RECORDED INFORMATION
BEGIN

lemma bernoulli_pmf_measurable:
  assumes "sets D = sets borel"
  shows "(\<lambda>r. measure_pmf (bernoulli_pmf r)) \<in> D \<rightarrow>\<^sub>M prob_algebra (count_space UNIV)"
proof (rule measurable_prob_algebraI)
  show "prob_space (measure_pmf (bernoulli_pmf r))" for r
    by (rule prob_space_measure_pmf)
  show "(\<lambda>r. measure_pmf (bernoulli_pmf r)) \<in> D \<rightarrow>\<^sub>M subprob_algebra (count_space UNIV)"
  proof (rule measurable_subprob_algebra)
    fix A :: "bool set"
    have "(\<lambda>r. emeasure (measure_pmf (bernoulli_pmf r)) A) = (\<lambda>r. ennreal (\<Sum>b\<in>A. pmf (bernoulli_pmf r) b))"
      by (intro ext emeasure_measure_pmf_finite) auto
    also have "\<dots> \<in> borel_measurable D"
      unfolding pmf_bernoulli_pmf measurable_cong_sets[OF assms refl] by measurable
    finally show "(\<lambda>r. emeasure (measure_pmf (bernoulli_pmf r)) A) \<in> borel_measurable D" .
  qed (auto simp: prob_space_imp_subprob_space prob_space_measure_pmf)
qed

locale unit_reward = prob_space D for D :: "real measure" +
  assumes sets_eq_borel: "sets D = sets borel"
    and AE_unit: "AE x in D. 0 \<le> x \<and> x \<le> 1"
begin

lemma integrable_id: "integrable D (\<lambda>x. x)"
proof (rule integrable_const_bound[where B=1])
  show "AE x in D. norm x \<le> 1"
    using AE_unit by eventually_elim auto
  show "(\<lambda>x. x) \<in> borel_measurable D"
    unfolding measurable_cong_sets[OF sets_eq_borel refl] by simp
qed

lemma mean_nonneg: "0 \<le> (\<integral>x. x \<partial>D)"
  using AE_unit by (intro integral_nonneg_AE) (auto elim: eventually_mono)

lemma mean_le_1: "(\<integral>x. x \<partial>D) \<le> 1"
proof -
  have "(\<integral>x. x \<partial>D) \<le> (\<integral>x. 1 \<partial>D)"
    using AE_unit by (intro integral_mono_AE[OF integrable_id]) (auto elim: eventually_mono)
  then show ?thesis
    by (simp add: prob_space)
qed

lemma trial_eq_bernoulli: "trial D = measure_pmf (bernoulli_pmf (\<integral>x. x \<partial>D))"
proof (rule measure_eqI_countable[of _ UNIV])
  have D: "D \<in> space (prob_algebra D)"
    by (simp add: space_prob_algebra prob_space_axioms)
  note kernel = bernoulli_pmf_measurable[OF sets_eq_borel]
  show "sets (trial D) = Pow UNIV"
    unfolding trial_def sets_bind'[OF D kernel] by simp
  fix b :: bool
  have "emeasure (trial D) {b} = (\<integral>\<^sup>+r. emeasure (measure_pmf (bernoulli_pmf r)) {b} \<partial>D)"
    unfolding trial_def by (rule emeasure_bind_prob_algebra[OF D kernel]) simp
  also have "\<dots> = (\<integral>\<^sup>+r. ennreal (if b then r else 1 - r) \<partial>D)"
    by (intro nn_integral_cong_AE eventually_mono[OF AE_unit]) (auto simp: emeasure_pmf_single)
  also have "\<dots> = ennreal (\<integral>r. (if b then r else 1 - r) \<partial>D)"
    using integrable_id
    by (intro nn_integral_eq_integral eventually_mono[OF AE_unit]) (cases b, auto)
  also have "\<dots> = emeasure (measure_pmf (bernoulli_pmf (\<integral>x. x \<partial>D))) {b}"
    using integrable_id mean_nonneg mean_le_1 by (cases b) (simp_all add: emeasure_pmf_single prob_space)
  finally show "emeasure (trial D) {b} = emeasure (measure_pmf (bernoulli_pmf (\<integral>x. x \<partial>D))) {b}" .
qed simp_all

lemma success_count_eq_binomial:
  "success_count D n = measure_pmf (binomial_pmf n (\<integral>x. x \<partial>D))"
proof (cases "n = 0")
  case True
  show ?thesis
  proof (rule measure_eqI_countable[of _ UNIV])
    fix k :: nat
    show "emeasure (success_count D n) {k} = emeasure (binomial_pmf n (\<integral>x. x \<partial>D)) {k}"
      using True mean_nonneg mean_le_1
      by (simp add: success_count_def emeasure_distr PiM_empty binomial_pmf_0 vimage_def)
  qed (simp_all add: success_count_def)
next
  case False
  let ?coins = "Pi_pmf {..<n} False (\<lambda>_. bernoulli_pmf (\<integral>x. x \<partial>D))"
  let ?X = "PiM {..<n} (\<lambda>_. count_space (UNIV :: bool set))"
  have X: "?X = count_space (PiE {..<n} (\<lambda>_. UNIV))"
    by (rule count_space_PiM_finite) auto
  have "success_count D n = distr (distr (measure_pmf ?coins) ?X (\<lambda>f. restrict f {..<n})) (count_space UNIV)
                              (\<lambda>\<omega>. card {t \<in> {..<n}. \<omega> t})"
    unfolding success_count_def trial_eq_bernoulli
    using False by (subst PiM_measure_pmf_eq_distr_Pi_pmf) auto
  also have "\<dots> = distr (measure_pmf ?coins) (count_space UNIV) (\<lambda>f. card {t \<in> {..<n}. f t})"
    by (subst distr_distr) (auto simp: X comp_def intro!: distr_cong arg_cong[where f=card])
  also have "\<dots> = measure_pmf (binomial_pmf n (\<integral>x. x \<partial>D))"
    using mean_nonneg mean_le_1
    by (simp add: binomial_pmf_altdef'[of "{..<n}" n _ False] map_pmf_rep_eq)
  finally show ?thesis .
qed

lemma ts_sample_eq:
  "ts_sample D n = measure_pmf (binomial_pmf n (\<integral>x. x \<partial>D))
                     \<bind> (\<lambda>s. beta_measure (real s + 1) (real (n - s) + 1))"
  unfolding ts_sample_def success_count_eq_binomial ..

lemma ts_sample_atMost_le:
  assumes "0 < n" "0 < \<Delta>" "0 \<le> c" "c \<le> (\<integral>x. x \<partial>D) - \<Delta>/2"
  shows "measure (ts_sample D n) {..c} \<le> 2 * exp (- (real n * \<Delta>\<^sup>2 / 8))"
  unfolding ts_sample_eq using assms mean_nonneg mean_le_1 by (intro beta_mixture_atMost_le)

lemma ts_sample_greaterThan_le:
  assumes "0 < n" "0 < \<Delta>" "(\<integral>x. x \<partial>D) + \<Delta>/2 \<le> c" "c \<le> 1"
  shows "measure (ts_sample D n) {c<..} \<le> 2 * exp (- (real n * \<Delta>\<^sup>2 / 8))"
  unfolding ts_sample_eq using assms mean_nonneg mean_le_1 by (intro beta_mixture_greaterThan_le)

lemma prob_space_ts_sample: "prob_space (ts_sample D n)"
  unfolding ts_sample_eq
  by (rule prob_space_bind'[OF _ beta_kernel_measurable])
     (simp add: space_prob_algebra prob_space_measure_pmf)

lemma sets_ts_sample [measurable_cong]: "sets (ts_sample D n) = sets borel"
  unfolding ts_sample_eq
  by (rule sets_bind'[OF _ beta_kernel_measurable])
     (simp add: space_prob_algebra prob_space_measure_pmf)

end

lemma measure_PiM_component:
  assumes "\<And>i. i \<in> I \<Longrightarrow> prob_space (M i)" "i \<in> I" "A \<in> sets (M i)"
  shows "measure (PiM I M) {\<theta> \<in> space (PiM I M). \<theta> i \<in> A} = measure (M i) A"
proof -
  have "measure (M i) A = measure (distr (PiM I M) (M i) (\<lambda>\<theta>. \<theta> i)) A"
    using assms(1,2) by (simp add: distr_PiM_component)
  also have "\<dots> = measure (PiM I M) {\<theta> \<in> space (PiM I M). \<theta> i \<in> A}"
    using assms(2,3) by (subst measure_distr) (auto simp: vimage_def Int_def conj_commute)
  finally show ?thesis ..
qed

lemma measure_PiM_lt_le:
  fixes M :: "'i \<Rightarrow> 'a::linorder_topology measure"
  assumes M: "\<And>i. i \<in> I \<Longrightarrow> prob_space (M i)" "\<And>i. i \<in> I \<Longrightarrow> sets (M i) = sets borel"
    and i: "i \<in> I" and j: "j \<in> I"
  shows "measure (PiM I M) {\<theta> \<in> space (PiM I M). \<theta> i < \<theta> j} \<le> measure (M i) {..c} + measure (M j) {c<..}"
proof -
  interpret prob_space "PiM I M"
    using M by (intro prob_space_PiM)
  have event: "{\<theta> \<in> space (PiM I M). \<theta> k \<in> A} \<in> events" if "k \<in> I" "A \<in> sets borel" for k A
    using measurable_sets[OF measurable_component_singleton[OF that(1)], of A M] that M(2)
    by (simp add: vimage_def Int_def conj_commute)
  have "{\<theta> \<in> space (PiM I M). \<theta> i < \<theta> j}
          \<subseteq> {\<theta> \<in> space (PiM I M). \<theta> i \<in> {..c}} \<union> {\<theta> \<in> space (PiM I M). \<theta> j \<in> {c<..}}"
    by auto
  then have "prob {\<theta> \<in> space (PiM I M). \<theta> i < \<theta> j}
      \<le> prob {\<theta> \<in> space (PiM I M). \<theta> i \<in> {..c}} + prob {\<theta> \<in> space (PiM I M). \<theta> j \<in> {c<..}}"
    using event[OF i atMost_borel] event[OF j greaterThan_borel]
    by (intro order.trans[OF finite_measure_mono measure_Un_le] sets.Un)
  also have "\<dots> = measure (M i) {..c} + measure (M j) {c<..}"
    using measure_PiM_component[of I M i "{..c}"] measure_PiM_component[of I M j "{c<..}"] M i j
    by simp
  finally show ?thesis .
qed

lemma exploration_count_bounds:
  assumes "0 < \<Delta>" "1 \<le> l" and g: "g = nat \<lceil>8 / \<Delta>\<^sup>2\<rceil>"
  shows "0 < g * l" "real l \<le> real (g * l) * \<Delta>\<^sup>2 / 8"
proof -
  have "8 / \<Delta>\<^sup>2 \<le> real g"
    using assms le_of_int_ceiling[of "8 / \<Delta>\<^sup>2"] by simp
  then have "8 \<le> real g * \<Delta>\<^sup>2"
    using assms(1) by (simp add: field_simps)
  then show "0 < g * l" "real l \<le> real (g * l) * \<Delta>\<^sup>2 / 8"
    using assms(2) mult_left_mono[of 8 "real g * \<Delta>\<^sup>2" "real l"] by (auto intro!: gr0I)
qed

theorem lemma3:
  fixes N :: nat and D :: "nat \<Rightarrow> real measure" and \<mu> :: "nat \<Rightarrow> real"
    and \<Delta> :: real and \<gamma> l j :: nat
  assumes arms: "\<And>i. i \<in> {1..N} \<Longrightarrow> prob_space (D i)"
    and borel: "\<And>i. i \<in> {1..N} \<Longrightarrow> sets (D i) = sets borel"
    and support: "\<And>i. i \<in> {1..N} \<Longrightarrow> AE x in D i. 0 \<le> x \<and> x \<le> 1"
    and mean: "\<And>i. i \<in> {1..N} \<Longrightarrow> \<mu> i = (\<integral>x. x \<partial>D i)"
    and N2: "N \<ge> 2"
    and Delta: "\<Delta> = \<mu> 1 - Max (\<mu> ` {2..N})"
    and Delta_pos: "\<Delta> > 0"
    and gamma: "\<gamma> = nat \<lceil>8 / \<Delta>\<^sup>2\<rceil>"
    and l: "l \<ge> 1"
    and j: "j \<in> {2..N}"
  shows "measure (e3ts_thetas N D \<gamma> l)
           {\<theta> \<in> space (e3ts_thetas N D \<gamma> l). \<theta> 1 < \<theta> j} \<le> 4 * exp (- real l)"
proof -
  have arm: "unit_reward (D i)" if "i \<in> {1..N}" for i
    using arms[OF that] borel[OF that] support[OF that] by (simp add: unit_reward_def unit_reward_axioms_def)
  have one: "1 \<in> {1..N}" and j': "j \<in> {1..N}"
    using N2 j by auto
  have "\<mu> j \<le> Max (\<mu> ` {2..N})"
    using j by (intro Max_ge) auto
  then have gap: "\<mu> j + \<Delta> \<le> \<mu> 1"
    using Delta by simp
  define n where "n = \<gamma> * l"
  define c where "c = \<mu> 1 - \<Delta> / 2"
  have n: "0 < n" and l_le: "real l \<le> real n * \<Delta>\<^sup>2 / 8"
    using exploration_count_bounds[OF Delta_pos l gamma] by (simp_all add: n_def)
  have "measure (e3ts_thetas N D \<gamma> l) {\<theta> \<in> space (e3ts_thetas N D \<gamma> l). \<theta> 1 < \<theta> j}
      \<le> measure (ts_sample (D 1) n) {..c} + measure (ts_sample (D j) n) {c<..}"
    unfolding e3ts_thetas_def n_def[symmetric]
    using one j' unit_reward.prob_space_ts_sample[OF arm] unit_reward.sets_ts_sample[OF arm]
    by (intro measure_PiM_lt_le)
  also have "\<dots> \<le> 2 * exp (- (real n * \<Delta>\<^sup>2 / 8)) + 2 * exp (- (real n * \<Delta>\<^sup>2 / 8))"
    using unit_reward.mean_nonneg[OF arm[OF j']] unit_reward.mean_le_1[OF arm[OF one]]
      mean[OF one] mean[OF j'] gap n Delta_pos
    by (intro add_mono unit_reward.ts_sample_atMost_le[OF arm[OF one]]
        unit_reward.ts_sample_greaterThan_le[OF arm[OF j']]) (auto simp: c_def)
  also have "\<dots> \<le> 4 * exp (- real l)"
    using l_le by simp
  finally show ?thesis .
qed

END

EXERCISE REQUIREMENTS
In the listing above, show every line with the word "subst".

ANSWER FOR THIS EXERCISE
    using False by (subst PiM_measure_pmf_eq_distr_Pi_pmf) auto
    by (subst distr_distr) (auto simp: X comp_def intro!: distr_cong arg_cong[where f=card])
    using assms(2,3) by (subst measure_distr) (auto simp: vimage_def Int_def conj_commute)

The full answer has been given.